Built-in count sum, avg, min, and max are supported. Whether a given
aggregate function can be used or not is checked by using its OID in
check_aggregate_supports_ivm().

When creating a materialized view containing aggregates, in addition
to __ivm_count__, more than one hidden columns for each aggregate are
added to the target list. For example, columns for storing sum(x),
count(x) are added if we have avg(x). When the view is maintained,
aggregated values are updated using these hidden columns, also hidden
columns are updated at the same time.

The maintenance of aggregated view is performed in
apply_old_delta_with_count() and apply_new_delta_with_count(). The SET
clauses for updating columns are generated by append_set_clause_*().

If the view has min(x) or max(x) and the minimum or maximal value is
deleted from a table, we need to update the value to the new min/max
recalculated from the tables rather than incremental computation. This
is performed in recalc_and_set_values().

---------------------------------------------------------------------------------------
* Discussion

** Aggregate support

There were a few suggestions that general aggregate functions should be
supported [5][6], which may be possible by extending pg_aggregate catalog.
However, we decided to left supporting general aggregates to the future work [7]
because it would need substantial works and make the patch more complex and
bigger. There has been no opposite opinion on this.

[5] https://www.postgresql.org/message-id/20191128140333.GA25947%40alvherre.pgsql
[6] https://www.postgresql.org/message-id/CAM-w4HOvDrL4ou6m%3D592zUiKGVzTcOpNj-d_cJqzL00fdsS5kg%40mail.gmail.com
[7] https://www.postgresql.org/message-id/20201016193034.9a4c44c79fc1eca7babe093e%40sraoss.co.jp

** Hidden columns

Columns starting with "__ivm_" are hidden columns that doesn't appear when a
view is accessed by "SELECT * FROM ....". For this aim, parse_relation.c is
fixed. There was a proposal to enable hidden columns by adding a new flag to
pg_attribute [8], but this thread is no longer active, so we decided to check
the hidden column by its name [9].

[8] https://www.postgresql.org/message-id/flat/CAEepm%3D3ZHh%3Dp0nEEnVbs1Dig_UShPzHUcMNAqvDQUgYgcDo-pA%40mail.gmail.com
[9] https://www.postgresql.org/message-id/20201016193034.9a4c44c79fc1eca7babe093e%40sraoss.co.jp

** Concurrent Transactions

When the view definition has more than one table, we acquire an exclusive
lock before the view maintenance in order to avoid inconsistent results.
This behavior was explained in [10]. The lock was improved to use weaker lock
when the view has only one table based on a suggestion from Konstantin Knizhnik [11].

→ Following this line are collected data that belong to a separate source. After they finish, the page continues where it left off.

(* Let $H=(V,\mathcal{E})$ be a hypergraph and let $K(H)$ be the graph on vertex set $V$ in which $uv$ is an edge iff $u \neq v$ and $u,v$ belong to a common hyperedge of $H$. For a set $\mathcal{C}$ of cuts, let $\mathcal{M}(\mathcal{C})$ be the integer linear program with one binary variable $x_e\in\{0,1\}$ for each edge $e$ of $K(H)$, which minimizes $\sum_{e\in E(K(H))} x_e$ subject to (1) $\sum_{u,v\in S,\ uv\in E(K(H))} x_{uv}\ \ge |S|-1$ for every $S\in\mathcal{E}$, and (2) $\sum_{e\in E(C)} x_e \ge r-1$ for every cut $C=(X_1,\dots,X_r)\in\mathcal{C}$, where $E(C)$ is the set of edges $xy$ of $K(H)$ with $x\in X_i$, $y\in X_j$, $i\neq j$. For $S\subseteq V$, let $\mathcal{B}_S=\{(X,S\setminus X): X\subseteq S,\ X\notin\{\emptyset,S\}\}$ and let $\mathcal{P}_S$ be the set of all tuples $(X_1,\dots,X_r)$ with $r\ge 2$, each $X_i$ nonempty, the $X_i$ pairwise disjoint and $\bigcup_{i=1}^r X_i=S$. Let $\mathcal{B}_H=\bigcup_{S\in\mathcal{E}}\mathcal{B}_S$ and $\mathcal{P}_H=\bigcup_{S\in\mathcal{E}}\mathcal{P}_S$. Identify a 0-1 assignment $x$ with the graph on $V$ whose edge set is $\{e : x_e=1\}$. Then the optimal solutions of $\mathcal{M}(\mathcal{P}_H)$ are in one-to-one correspondence with the optimal solutions of $\mathcal{M}(\mathcal{B}_H)$, which are in one-to-one correspondence with the optimal solutions of the Minimum Connectivity Inference instance $H$, i.e. graphs $G=(V,E)$ with $G[S]$ connected for every $S\in\mathcal{E}$ and $|E|$ minimum.
   Context: A cut is a tuple $(X_1,\dots,X_r)$ with $r\ge 2$ of nonempty, pairwise disjoint subsets of $V$. The Minimum Connectivity Inference (MCI) problem: given a hypergraph $H=(V,\mathcal{E})$, find a graph $G=(V,E)$ such that the induced subgraph $G[S]$ is connected for every hyperedge $S\in\mathcal{E}$ (a feasible solution), minimizing $|E|$. *)

theory Defs
  imports Main
begin
lemma pow_carrier_subset_Sg_if_coord_embeds:
  assumes alg: "is_algebra A F" and maltsev: "maltsev_polynomial A F p"
    and X: "X \<subseteq> pow_carrier A n" and n: "n \<ge> 1"
    and embed: "\<And>i a b. i < n \<Longrightarrow> a \<in> A \<Longrightarrow> b \<in> A \<Longrightarrow> coord_embed i n [a, b] \<in> Sg (pow_ops F n) X"
  shows "pow_carrier A n \<subseteq> Sg (pow_ops F n) X"
proof
  let ?S = "Sg (pow_ops F n) X"
  from maltsev have p: "p \<in> Pol A F 3"
    and p_id: "\<And>a b. a \<in> A \<Longrightarrow> b \<in> A \<Longrightarrow> p [a, b, b] = a \<and> p [b, b, a] = a"
    by (auto simp: maltsev_polynomial_def)
  have diag: "replicate n a \<in> ?S" if "a \<in> A" for a
  proof -
    have "coord_embed 0 n [a, a] = replicate n a" by (rule nth_equalityI) (auto simp: coord_embed_def)
    then show ?thesis using embed[of 0 a a] n that by simp
  qed
  obtain c where c: "c \<in> A" using alg unfolding is_algebra_def by auto
  fix y assume y: "y \<in> pow_carrier A n"
  define z where "z j = map (\<lambda>l. if l < j then y ! l else c) [0..<n]" for j
  have "z j \<in> ?S" if "j \<le> n" for j
    using that
  proof (induction j)
    case 0
    have "z 0 = replicate n c" unfolding z_def by (rule nth_equalityI) auto
    then show ?case using diag[OF c] by simp
  next
    case (Suc j)
    let ?vs = "[z j, replicate n c, coord_embed j n [y ! j, c]]"
    have "pol_apply n p ?vs \<in> ?S"
      using Suc pow_carrier_nth[OF y] c diag[OF c]
      by (intro pol_apply_Pol_in_Sg[OF alg X diag p]) (auto simp: numeral_3_eq_3 intro: embed)
    moreover
    \<comment> \<open>coordinatewise, the arguments of \<open>p\<close> are \<open>(y\<^sub>l, c, c)\<close>, \<open>(c, c, y\<^sub>j)\<close> or \<open>(c, c, c)\<close>\<close>
    have "pol_apply n p ?vs = z (Suc j)"
      using pow_carrier_nth[OF y] c p_id
      by (intro nth_equalityI) (auto simp: z_def coord_embed_def less_Suc_eq)
    ultimately show ?case by simp
  qed
  moreover have "z n = y" using y unfolding z_def pow_carrier_def by (intro nth_equalityI) auto
  ultimately show "y \<in> ?S" by auto
qed
(* Let $F$ be a countably infinite graph. Then every graph $H$ on vertex set $\mathbb{N}$ having infinitely many vertices of cofinite degree contains a subgraph isomorphic to $F$ whose vertex set is cofinite in $\mathbb{N}$ if and only if $F$ is strongly contracting.
   Context: A vertex $v$ of $H$ has cofinite degree if it is adjacent to all but finitely many vertices of $H$. $F$ is strongly contracting if there is $k\in\mathbb{N}$ such that for every $\ell\in\mathbb{N}$ there is an independent set $A$ in $F$ with $|A|\ge\ell$ and $|N(A)|\le k$, where $N(A)=\bigcup_{v\in A}N(v)$. *)

theory Defs
  imports Main "HOL-Library.Countable_Set"
begin

definition graph :: "'a set \<Rightarrow> ('a \<Rightarrow> 'a \<Rightarrow> bool) \<Rightarrow> bool" where
  "graph V E \<longleftrightarrow> (\<forall>u v. E u v \<longrightarrow> u \<in> V \<and> v \<in> V \<and> u \<noteq> v \<and> E v u)"

definition nbhd :: "('a \<Rightarrow> 'a \<Rightarrow> bool) \<Rightarrow> 'a set \<Rightarrow> 'a set" where
  "nbhd E A = (\<Union>v\<in>A. {u. E v u})"

definition independent :: "('a \<Rightarrow> 'a \<Rightarrow> bool) \<Rightarrow> 'a set \<Rightarrow> bool" where
  "independent E A \<longleftrightarrow> (\<forall>u\<in>A. \<forall>v\<in>A. \<not> E u v)"

definition strongly_contracting :: "'a set \<Rightarrow> ('a \<Rightarrow> 'a \<Rightarrow> bool) \<Rightarrow> bool" where
  "strongly_contracting V E \<longleftrightarrow>
     (\<exists>k::nat. \<forall>l::nat. \<exists>A. A \<subseteq> V \<and> independent E A \<and> (infinite A \<or> l \<le> card A)
        \<and> finite (nbhd E A) \<and> card (nbhd E A) \<le> k)"
text \<open>Liouville's argument: if \<open>P(x) = 0\<close> with \<open>P \<noteq> 0\<close> of degree \<open>d\<close> and \<open>P(p/q) \<noteq> 0\<close>,
  then \<open>1 \<le> q\<^sup>d \<bar>P(p/q)\<bar> \<le> M q\<^sup>d \<bar>x - p/q\<bar>\<close>, which fails for good enough approximations.\<close>

lemma not_algebraic_if_rapid_rational_approx:
  fixes x :: real and r Q :: "nat \<Rightarrow> real"
  assumes rational: "\<And>n. \<exists>p q :: int. 1 \<le> q \<and> of_int q \<le> Q n \<and> r n = of_int p / of_int q"
    and approx_ne: "eventually (\<lambda>n. r n \<noteq> x) sequentially"
    and rapid: "\<And>k. (\<lambda>n. \<bar>x - r n\<bar> * Q n ^ k) \<longlonglongrightarrow> 0"
  shows "\<not> algebraic x"
proof
  assume "algebraic x"
  then obtain P where P_Ints: "\<And>i. coeff P i \<in> \<int>" and "P \<noteq> 0" and "poly P x = 0"
    unfolding algebraic_def by blast
  obtain M where "M > 0" and M: "\<And>y. \<bar>y - x\<bar> \<le> 1 \<Longrightarrow> \<bar>poly P y\<bar> \<le> M * \<bar>y - x\<bar>"
    using poly_bounded_by_dist_near_root[OF \<open>poly P x = 0\<close>] by blast
  define R where "R = {y. poly P y = 0} - {x}"
  have "finite R"
    using poly_roots_finite[OF \<open>P \<noteq> 0\<close>] by (simp add: R_def)
  have close: "eventually (\<lambda>n. \<bar>x - r n\<bar> < c) sequentially" if "c > 0" for c
    using order_tendstoD(2)[OF rapid[of 0] that] by simp
  have "eventually (\<lambda>n. \<forall>y\<in>R. r n \<noteq> y) sequentially"
  proof (rule eventually_ball_finite[OF \<open>finite R\<close>], rule ballI)
    fix y assume "y \<in> R"
    then have "\<bar>y - x\<bar> > 0" by (auto simp: R_def)
    from close[OF this] show "eventually (\<lambda>n. r n \<noteq> y) sequentially"
      by eventually_elim auto
  qed
  moreover have "eventually (\<lambda>n. \<bar>x - r n\<bar> * Q n ^ degree P < 1 / M) sequentially"
    using order_tendstoD(2)[OF rapid] \<open>M > 0\<close> by simp
  ultimately have "eventually (\<lambda>n. (\<forall>y\<in>R. r n \<noteq> y) \<and> r n \<noteq> x \<and> \<bar>x - r n\<bar> < 1
      \<and> \<bar>x - r n\<bar> * Q n ^ degree P < 1 / M) sequentially"
    using approx_ne close[of 1] by (simp add: eventually_conj_iff)
  then obtain n where n: "\<forall>y\<in>R. r n \<noteq> y" "r n \<noteq> x" "\<bar>x - r n\<bar> < 1"
      "\<bar>x - r n\<bar> * Q n ^ degree P < 1 / M"
    by (auto dest: eventually_happens)
  obtain p q :: int where pq: "1 \<le> q" "of_int q \<le> Q n" "r n = of_int p / of_int q"
    using rational[of n] by blast
  have "poly P (r n) \<noteq> 0" using n(1,2) by (auto simp: R_def)
  then have "of_int q ^ degree P * poly P (r n) \<noteq> 0" using pq(1) by simp
  moreover have "of_int q ^ degree P * poly P (r n) \<in> \<int>"
    using power_degree_mult_poly_of_int_div_Ints[OF P_Ints, of q p] pq by simp
  ultimately have "1 \<le> \<bar>of_int q ^ degree P * poly P (r n)\<bar>"
    by (simp add: Ints_nonzero_abs_ge1)
  also have "\<dots> = of_int q ^ degree P * \<bar>poly P (r n)\<bar>"
    using pq(1) by (simp add: abs_mult)
  also have "\<dots> \<le> Q n ^ degree P * (M * \<bar>x - r n\<bar>)"
  proof (rule mult_mono)
    show "of_int q ^ degree P \<le> Q n ^ degree P" using pq by (intro power_mono) auto
    show "\<bar>poly P (r n)\<bar> \<le> M * \<bar>x - r n\<bar>"
      using M[of "r n"] n(3) by (simp add: abs_minus_commute)
  qed (use pq in auto)
  also have "\<dots> < 1"
    using n(4) \<open>M > 0\<close> by (simp add: less_divide_eq ac_simps)
  finally show False by simp
qed

lemma power_div_power_iterated_powr_tendsto_0:
  fixes c d \<beta> :: real and A :: "nat \<Rightarrow> nat"
  assumes "c > 0" "d > 1" "\<beta> > 0" "filterlim A at_top sequentially"
    and A_Suc: "\<And>n. real (A (Suc n)) = real (A n) powr (1 + \<beta>)"
  shows "(\<lambda>n. c ^ A n / d ^ A (Suc n)) \<longlonglongrightarrow> 0"
proof -
  have "((\<lambda>t. exp (ln c * t - ln d * t powr (1 + \<beta>))) \<longlongrightarrow> 0) at_top"
    using assms by real_asymp
  then have "(\<lambda>n. exp (ln c * real (A n) - ln d * real (A n) powr (1 + \<beta>))) \<longlonglongrightarrow> 0"
    by (rule filterlim_compose) (rule filterlim_compose[OF filterlim_real_sequentially assms(4)])
  moreover have "exp (ln c * real (A n) - ln d * real (A n) powr (1 + \<beta>)) = c ^ A n / d ^ A (Suc n)" for n
  proof -
    have "c ^ A n = exp (ln c * real (A n))" "d ^ A (Suc n) = exp (ln d * real (A (Suc n)))"
      using assms(1,2) by (simp_all add: powr_realpow[symmetric] powr_def mult.commute)
    then show ?thesis by (simp add: A_Suc exp_diff)
  qed
  ultimately show ?thesis by simp
qed

lemma strict_mono_add_le:
  fixes A :: "nat \<Rightarrow> nat"
  assumes "strict_mono A"
  shows "A k + m \<le> A (m + k)"
proof (induction m)
  case (Suc m)
  have "A (m + k) < A (Suc m + k)" using assms by (simp add: strict_mono_def)
  then show ?case using Suc by simp
qed simp

locale lacunary_series =
  fixes g :: int and A :: "nat \<Rightarrow> nat"
  assumes base_ge_2: "g \<ge> 2" and strict_mono_exponents: "strict_mono A"
    and first_exponent_pos: "A 0 \<ge> 1"
begin

definition total :: real where
  "total = (\<Sum>n. 1 / of_int g ^ A n)"

definition partial :: "nat \<Rightarrow> real" where
  "partial N = (\<Sum>n\<le>N. 1 / of_int g ^ A n)"

definition tail :: "nat \<Rightarrow> real" where
  "tail N = total - partial N"

lemma base_power_pos: "(of_int g :: real) ^ k > 0"
  using base_ge_2 by simp

lemma base_power_nonzero: "(of_int g :: real) ^ k \<noteq> 0"
  using base_ge_2 by simp

lemma term_shift_le: "1 / (of_int g :: real) ^ A (m + k) \<le> (1 / 2) ^ m / of_int g ^ A k"
proof -
  have "of_int g ^ A k * 2 ^ m \<le> of_int g ^ A k * (of_int g :: real) ^ m"
    using base_ge_2 by (intro mult_left_mono power_mono) auto
  also have "\<dots> \<le> of_int g ^ A (m + k)"
    unfolding power_add[symmetric]
    using strict_mono_add_le[OF strict_mono_exponents] base_ge_2 by (intro power_increasing) auto
  finally show ?thesis
    using base_power_pos by (simp add: power_divide field_simps)
qed

lemma summable_shift: "summable (\<lambda>m. 1 / (of_int g :: real) ^ A (m + k))"
proof (rule summable_comparison_test'[where N = 0])
  show "summable (\<lambda>m. (1 / 2) ^ m / (of_int g :: real) ^ A k)"
    by (intro summable_divide summable_geometric) simp
  show "norm (1 / (of_int g :: real) ^ A (m + k)) \<le> (1 / 2) ^ m / of_int g ^ A k" for m
    using term_shift_le[of m k] base_power_pos[of "A (m + k)"] by simp
qed

lemma suminf_shift_le: "(\<Sum>m. 1 / of_int g ^ A (m + k)) \<le> 2 / (of_int g :: real) ^ A k"
proof -
  have "(\<Sum>m. 1 / of_int g ^ A (m + k)) \<le> (\<Sum>m. (1 / 2) ^ m / (of_int g :: real) ^ A k)"
    using term_shift_le summable_shift by (intro suminf_le summable_divide summable_geometric) auto
  also have "\<dots> = 2 / of_int g ^ A k"
    by (subst suminf_divide) (auto simp: suminf_geometric intro: summable_geometric)
  finally show ?thesis .
qed

lemma tail_eq_suminf: "tail N = (\<Sum>m. 1 / of_int g ^ A (m + Suc N))"
  using suminf_split_initial_segment[OF summable_shift[of 0], of "Suc N"]
  by (simp add: tail_def total_def partial_def lessThan_Suc_atMost)

lemma tail_ge: "tail N \<ge> 1 / of_int g ^ A (Suc N)"
proof -
  have "(\<Sum>m\<in>{0}. 1 / of_int g ^ A (m + Suc N)) \<le> (\<Sum>m. 1 / (of_int g :: real) ^ A (m + Suc N))"
    using summable_shift[of "Suc N"] base_power_pos by (intro sum_le_suminf) (auto intro: less_imp_le)
  then show ?thesis by (simp add: tail_eq_suminf)
qed

lemma tail_le: "tail N \<le> 2 / of_int g ^ A (Suc N)"
  using suminf_shift_le[of "Suc N"] by (simp add: tail_eq_suminf)

lemma tail_pos: "tail N > 0"
  using tail_ge[of N] base_power_pos[of "A (Suc N)"] by (meson divide_pos_pos less_le_trans zero_less_one)

lemma total_le_1: "total \<le> 1"
proof -
  have "2 \<le> g ^ A 0"
    using power_increasing[of 1 "A 0" g] base_ge_2 first_exponent_pos by simp
  then have "2 \<le> (of_int g :: real) ^ A 0"
    by (metis of_int_le_iff of_int_numeral of_int_power)
  then have "2 / (of_int g :: real) ^ A 0 \<le> 1"
    by simp
  with suminf_shift_le[of 0] show ?thesis
    by (simp add: total_def)
qed

lemma partial_ge: "partial N \<ge> 1 / of_int g ^ A 0"
  unfolding partial_def using base_power_pos by (intro member_le_sum) (auto intro: less_imp_le)

lemma partial_pos: "partial N > 0"
  using partial_ge[of N] base_power_pos[of "A 0"] by (meson divide_pos_pos less_le_trans zero_less_one)

lemma tail_less_1: "tail N < 1"
  using partial_pos[of N] total_le_1 by (simp add: tail_def)

lemma partial_le_1: "partial N \<le> 1"
  using tail_pos[of N] total_le_1 by (simp add: tail_def)

lemma partial_eq_int_div:
  "\<exists>P :: int. 1 \<le> P \<and> P \<le> g ^ A N \<and> partial N = of_int P / of_int g ^ A N"
proof -
  define P where "P = (\<Sum>n\<le>N. g ^ (A N - A n))"
  have partial_eq: "partial N = of_int P / of_int g ^ A N"
    unfolding P_def partial_def of_int_sum sum_divide_distrib
  proof (rule sum.cong)
    fix n assume "n \<in> {..N}"
    then have "A n \<le> A N" using strict_mono_exponents by (simp add: strict_mono_less_eq)
    then have "(of_int g :: real) ^ A N = of_int g ^ (A N - A n) * of_int g ^ A n"
      by (metis le_add_diff_inverse2 power_add)
    then show "1 / of_int g ^ A n = of_int (g ^ (A N - A n)) / (of_int g :: real) ^ A N"
      using base_power_pos[of "A n"] base_ge_2 by (simp add: field_simps)
  qed simp
  have "of_int P = partial N * of_int g ^ A N"
    using partial_eq base_power_pos[of "A N"] base_ge_2 by simp
  then have "0 < (of_int P :: real)"
    using partial_pos[of N] base_power_pos[of "A N"] by simp
  then have "1 \<le> P" by simp
  moreover have "P \<le> g ^ A N"
    using partial_le_1[of N] base_power_pos[of "A N"]
    by (simp add: partial_eq divide_le_eq flip: of_int_le_iff)
  ultimately show ?thesis using partial_eq by blast
qed

end

locale lacunary_pair =
  fixes g1 g2 :: int and \<beta> :: real and A :: "nat \<Rightarrow> nat"
  assumes g2_ge_2: "g2 \<ge> 2" and g2_less_g1: "g2 < g1" and \<beta>_pos: "\<beta> > 0"
    and first_exponent_ge_2: "A 0 \<ge> 2"
    and exponent_Suc: "\<And>n. real (A (Suc n)) = real (A n) powr (1 + \<beta>)"
begin

lemma exponent_less_Suc_if_ge_2:
  assumes "A n \<ge> 2"
  shows "A n < A (Suc n)"
proof -
  have "real (A n) = real (A n) powr 1"
    using assms by simp
  also have "\<dots> < real (A n) powr (1 + \<beta>)"
    using assms \<beta>_pos by (intro powr_less_mono) auto
  finally show ?thesis
    using exponent_Suc[of n] by simp
qed

lemma exponent_ge_2: "A n \<ge> 2"
proof (induction n)
  case (Suc n)
  then show ?case using exponent_less_Suc_if_ge_2[of n] by simp
qed (rule first_exponent_ge_2)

[10] https://www.postgresql.org/message-id/20200909092752.c91758a1bec3479668e82643%40sraoss.co.jp
[11] https://www.postgresql.org/message-id/5663f5f0-48af-686c-bf3c-62d279567e2a%40postgrespro.ru

** Automatic Index Creation

When a view is created, a unique index is automatically created if
possible, that is, if the view definition query has a GROUP BY or
DISTINCT, or if the view contains all primary key attributes of
its base tables in the target list. It is necessary for efficient
view maintenance. This feature is based on a suggestion from
Konstantin Knizhnik [12].

[12] https://www.postgresql.org/message-id/89729da8-9042-7ea0-95af-e415df6da14d%40postgrespro.ru

** Others

There are some other changes in core for IVM implementation.
There has been no opposite opinion on any ever.

- syntax

The command to create an incrementally maintainable materialized
view (IMMV) is "CREATE INCREMENTAL MATERIALIZED VIEW". The new
keyword "INCREMENTAL" is added.

- pg_class

A new attribue "relisivm" is added to pg_class to indicate
that the relation is an IMMV.

- deptype

DEPENDENCY_IMMV(m) was added to pg_depend as a new deptype. This is necessary
to clear that a certain trigger is related to IMMV, especially when We dropped
IVM triggers from the view when REFRESH ... WITH NO DATA is executed [13].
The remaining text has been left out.